• Your objective
Search the records for the string "obtain" and copy every line where it turns up.

• Source data
lemma K0_rel_unit_multiple_iff:
  assumes "(k, x) \<in> K0_reps n"
  shows "((k, x), (0, \<lambda>i. c * path_vec n A 0 i)) \<in> K0_rel n A \<longleftrightarrow>
    (\<exists>M\<ge>k. trans n A k (M - k) x = (\<lambda>i. c * path_vec n A M i))"
  using assms K0_reps_path_vec[of 0 c n A]
  by (simp add: K0_rel_def trans_scale trans_path_vec)

lemma K0_class_in_Zunit_iff:
  assumes "(k, x) \<in> K0_reps n"
  shows "K0_rel n A `` {(k, x)} \<in> K0_Zunit n A \<longleftrightarrow>
    (\<exists>c. \<exists>M\<ge>k. trans n A k (M - k) x = (\<lambda>i. c * path_vec n A M i))"
  using K0_class_eq_iff[OF assms K0_reps_path_vec] K0_rel_unit_multiple_iff[OF assms]
  by (auto simp: K0_Zunit_def K0_zmult_unit)

lemma K0_class_in_Q_iff:
  assumes "(k, x) \<in> K0_reps n"
  shows "K0_rel n A `` {(k, x)} \<in> K0_Q n A \<longleftrightarrow>
    (\<exists>p c. p \<noteq> 0 \<and> (\<exists>M\<ge>k. (\<lambda>i. p * trans n A k (M - k) x i) = (\<lambda>i. c * path_vec n A M i)))"
proof -
  have "K0_rel n A `` {(k, x)} \<in> K0 n A"
    unfolding K0_def using assms by (rule quotientI)
  then show ?thesis
    using K0_class_eq_iff[OF K0_reps_scale[OF assms] K0_reps_path_vec]
      K0_rel_unit_multiple_iff[OF K0_reps_scale[OF assms]]
    by (simp add: K0_Q_def K0_zmult_class[OF assms] K0_zmult_unit trans_scale)
qed

lemma K0_Zunit_subset_Q: "K0_Zunit n A \<subseteq> K0_Q n A"
proof
  fix g assume g: "g \<in> K0_Zunit n A"
  then obtain c where g_eq: "g = K0_rel n A `` {(0, \<lambda>i. c * path_vec n A 0 i)}"
    by (auto simp: K0_Zunit_def K0_zmult_unit)
  then obtain c' M where "trans n A 0 M (\<lambda>i. c * path_vec n A 0 i) = (\<lambda>i. c' * path_vec n A M i)"
    using g K0_class_in_Zunit_iff[OF K0_reps_path_vec] by auto
  then show "g \<in> K0_Q n A"
    unfolding g_eq K0_class_in_Q_iff[OF K0_reps_path_vec]
    by (intro exI[of _ 1] exI[of _ c'] conjI exI[of _ M]) simp_all
qed

lemma dvd_if_dvd_mult_all_Gcd_eq_1:
  fixes p c :: int
  assumes "Gcd (f ` S) = (1::nat)" "\<forall>i\<in>S. p dvd c * int (f i)"
  shows "p dvd c"
proof -
  have "\<forall>i\<in>S. nat \<bar>p\<bar> dvd nat \<bar>c\<bar> * f i"
  proof
    fix i assume "i \<in> S"
    then have "\<bar>p\<bar> dvd \<bar>c * int (f i)\<bar>"
      using assms(2) by simp
    then have "int (nat \<bar>p\<bar>) dvd int (nat \<bar>c\<bar> * f i)"
      by (simp add: abs_mult)
    then show "nat \<bar>p\<bar> dvd nat \<bar>c\<bar> * f i"
      by (simp only: of_nat_dvd_iff)
  qed
  then have "nat \<bar>p\<bar> dvd Gcd ((*) (nat \<bar>c\<bar>) ` f ` S)"
    by (intro Gcd_greatest) blast
  also have "\<dots> = nat \<bar>c\<bar>"
    using Gcd_mult[of "nat \<bar>c\<bar>" "f ` S"] assms(1) by simp
  finally show ?thesis by simp
qed

lemma K0_Q_subset_Zunit:
  assumes "\<And>M. Gcd (npaths n A M ` {..<n M}) = 1"
  shows "K0_Q n A \<subseteq> K0_Zunit n A"
proof
  fix g assume g: "g \<in> K0_Q n A"
  then have "g \<in> K0 n A"
    by (simp add: K0_Q_def)
  then obtain k x where x: "(k, x) \<in> K0_reps n" and g_eq: "g = K0_rel n A `` {(k, x)}"
    unfolding K0_def by (auto elim!: quotientE)
  obtain p c M where "p \<noteq> 0" "k \<le> M"
    and pushed: "(\<lambda>i. p * trans n A k (M - k) x i) = (\<lambda>i. c * path_vec n A M i)"
    using g unfolding g_eq K0_class_in_Q_iff[OF x] by blast
  have "p dvd c * int (npaths n A M i)" for i
    using fun_cong[OF pushed, of i] unfolding path_vec_def by (metis dvd_triv_left)
  then have "p dvd c"
    using dvd_if_dvd_mult_all_Gcd_eq_1[OF assms] by blast
  then obtain q where q: "c = p * q" ..
  have "trans n A k (M - k) x = (\<lambda>i. q * path_vec n A M i)"
  proof
    fix i show "trans n A k (M - k) x i = q * path_vec n A M i"
      using fun_cong[OF pushed, of i] \<open>p \<noteq> 0\<close> q by simp
  qed
  then show "g \<in> K0_Zunit n A"
    using K0_class_in_Zunit_iff[OF x] \<open>k \<le> M\<close> g_eq by blast
qed

lemma Gcd_npaths_eq_1_if_Q_subset_Zunit:
  assumes br: "bratteli n A" and Q: "K0_Q n A \<subseteq> K0_Zunit n A"
  shows "Gcd (npaths n A k ` {..<n k}) = 1"
proof -
  define d where "d = Gcd (npaths n A k ` {..<n k})"
  have d_dvd: "d dvd npaths n A k i" for i
    by (cases "i < n k") (auto simp: d_def npaths_eq_0)
  define x where "x = (\<lambda>i. int (npaths n A k i div d))"
  have dx: "(\<lambda>i. int d * x i) = path_vec n A k"
    using d_dvd by (auto simp: x_def path_vec_def simp flip: of_nat_mult)
  have x: "(k, x) \<in> K0_reps n"
    by (simp add: K0_reps_def x_def npaths_eq_0)
  have n_pos: "0 < n m" for m
    using br unfolding bratteli_def by (simp add: Suc_le_eq)
  have "d \<noteq> 0"
    using d_dvd[of 0] npaths_pos[OF br n_pos] by (metis dvd_0_left_iff less_irrefl)
  then have "K0_rel n A `` {(k, x)} \<in> K0_Q n A"
    unfolding K0_class_in_Q_iff[OF x]
    by (intro exI[of _ "int d"] exI[of _ 1] conjI exI[of _ k]) (simp_all add: dx)
  with Q obtain c M where "k \<le> M" and pushed: "trans n A k (M - k) x = (\<lambda>i. c * path_vec n A M i)"
    using K0_class_in_Zunit_iff[OF x] by blast
  have "path_vec n A M = trans n A k (M - k) (\<lambda>i. int d * x i)"
    using trans_path_vec[of n A k "M - k"] \<open>k \<le> M\<close> dx by simp
  also have "\<dots> = (\<lambda>i. int d * c * path_vec n A M i)"
    by (simp add: trans_scale pushed mult.assoc)
  finally have "path_vec n A M 0 = int d * c * path_vec n A M 0"
    by (rule fun_cong)
  moreover have "0 < path_vec n A M 0"
    using npaths_pos[OF br n_pos] by (simp add: path_vec_def)
  ultimately have "int d * c = 1" by simp
  then show ?thesis
    using zmult_eq_1_iff[of "int d" c] by (simp add: d_def)
qed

• Result of the exercise
  then obtain c where g_eq: "g = K0_rel n A `` {(0, \<lambda>i. c * path_vec n A 0 i)}"
  then obtain c' M where "trans n A 0 M (\<lambda>i. c * path_vec n A 0 i) = (\<lambda>i. c' * path_vec n A M i)"
  then obtain k x where x: "(k, x) \<in> K0_reps n" and g_eq: "g = K0_rel n A `` {(k, x)}"
  obtain p c M where "p \<noteq> 0" "k \<le> M"
  then obtain q where q: "c = p * q" ..
  with Q obtain c M where "k \<le> M" and pushed: "trans n A k (M - k) x = (\<lambda>i. c * path_vec n A M i)"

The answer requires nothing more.